The school claims that the father is inventing details about the situation.

But school officials say that the account in yesterday’s Taunton Daily Gazette was rife with errors and that the father’s description of what happened is untrue.

“The report is totally inaccurate,’’ Julie Hackett, superintendent of the Taunton public schools, said in an interview in her office yesterday. “The inaccuracies in the original media story have resulted in a great deal of criticism and scrutiny of the system that is unwarranted.’’

Dino F. Ciliberti, editor of the Gazette, did not return calls yesterday.

Hackett said the student, age 9, was never suspended and that neither he nor other students at the Maxham Elementary School were asked by the teacher to sketch something that reminded them of Christmas or any religious holiday, as the Gazette and other media reported and the father suggested, although his story changed as he explained it.

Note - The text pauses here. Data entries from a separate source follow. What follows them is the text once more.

lemma lhs_model_pauli_assemblages:
  fixes \<rho> :: "('a::finite \<times> 2) cmat"
  assumes "lhs_model \<rho> P \<sigma> r"
  shows "ptrace_B \<rho> = measure_pmf.expectation P \<sigma>"
    and "assemblage \<rho> (pauli k) =
           measure_pmf.expectation P (\<lambda>l. (2 * r (pauli_measurement k) l 0 - 1) *\<^sub>R \<sigma> l)"
proof -
  have states: "\<And>l. qstate (\<sigma> l)" and resp: "response r"
    using assms unfolding lhs_model_def by blast+
  let ?M = "pauli_measurement k"
  let ?r = "\<lambda>x l. r ?M l x"
  have M: "is_povm ?M"
    by (rule is_povm_pauli_measurement)
  have bounds: "\<bar>?r x l\<bar> \<le> 1" if "x < 2" for x l
    using response_bounds[OF resp M, of x l] that by (simp add: pauli_measurement_def two_outcome_povm_def)
  have int: "integrable (measure_pmf P) (\<lambda>l. ?r x l *\<^sub>R \<sigma> l)" if "x < 2" for x
    using bounds[OF that] states by (intro integrable_scaled_states) auto
  have outcome: "assemblage \<rho> (snd ?M x) = measure_pmf.expectation P (\<lambda>l. ?r x l *\<^sub>R \<sigma> l)"
    if "x < 2" for x
    using assemblage_of_lhs_model[OF assms M, of x] that by (simp add: pauli_measurement_def two_outcome_povm_def)
  have "ptrace_B \<rho> = assemblage \<rho> (snd ?M 0 + snd ?M 1)"
    by (simp add: assemblage_mat_1 pauli_measurement_def two_outcome_povm_def)
  also have "\<dots> = measure_pmf.expectation P (\<lambda>l. (?r 0 l + ?r 1 l) *\<^sub>R \<sigma> l)"
    using int by (simp add: linear_add[OF linear_assemblage] outcome scaleR_add_left)
  also have "\<dots> = measure_pmf.expectation P \<sigma>"
    using response_two_outcome_sum[OF resp M[unfolded pauli_measurement_def]]
    by (simp add: pauli_measurement_def)
  finally show marginal: "ptrace_B \<rho> = measure_pmf.expectation P \<sigma>" .
  have "assemblage \<rho> (pauli k) = 2 *\<^sub>R assemblage \<rho> (snd ?M 0) - assemblage \<rho> (mat 1)"
    by (simp add: pauli_eq_bloch_state pauli_measurement_def two_outcome_povm_def
        linear_diff[OF linear_assemblage] linear_scale[OF linear_assemblage])
  also have "\<dots> = 2 *\<^sub>R measure_pmf.expectation P (\<lambda>l. ?r 0 l *\<^sub>R \<sigma> l)
      - measure_pmf.expectation P \<sigma>"
    by (simp add: outcome assemblage_mat_1 marginal)
  also have "\<dots> = measure_pmf.expectation P (\<lambda>l. 2 *\<^sub>R (?r 0 l *\<^sub>R \<sigma> l) - \<sigma> l)"
    using int[of 0] integrable_states[where \<sigma> = \<sigma>, OF states] by (simp del: scaleR_scaleR)
  also have "(\<lambda>l. 2 *\<^sub>R (?r 0 l *\<^sub>R \<sigma> l) - \<sigma> l) = (\<lambda>l. (2 * ?r 0 l - 1) *\<^sub>R \<sigma> l)"
    by (simp add: algebra_simps)
  finally show "assemblage \<rho> (pauli k) =
      measure_pmf.expectation P (\<lambda>l. (2 * ?r 0 l - 1) *\<^sub>R \<sigma> l)" .
qed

She said it was unclear whether the boy, who put his name above a stick figure portrait of Christ on the cross, had drawn the picture in school, which his teacher discovered Dec. 2.

“Religion had nothing to do with this at all, 100 percent nothing to do with it,’’ Hackett said, adding that Taunton is known as “The Christmas City.’’

She said the drawing was seen as a potential cry for help when the student identified himself, rather than Jesus, on the cross, which prompted the teacher to alert the school’s principal and staff psychologist. As a result, the boy underwent a psychological evaluation.

She declined to comment on the results of the evaluation or whether the teacher had reason to believe that the student was crying out for help. The boy’s father showed reporters a report indicating his son was not a threat to himself or others and could return to school.

So, according to the school, it was about the kid identifying himself as being on the Cross, which got school psychologists and staff involved. Question why that was necessary perhaps, but this wasn’t about banning the crucifix or religious depictions.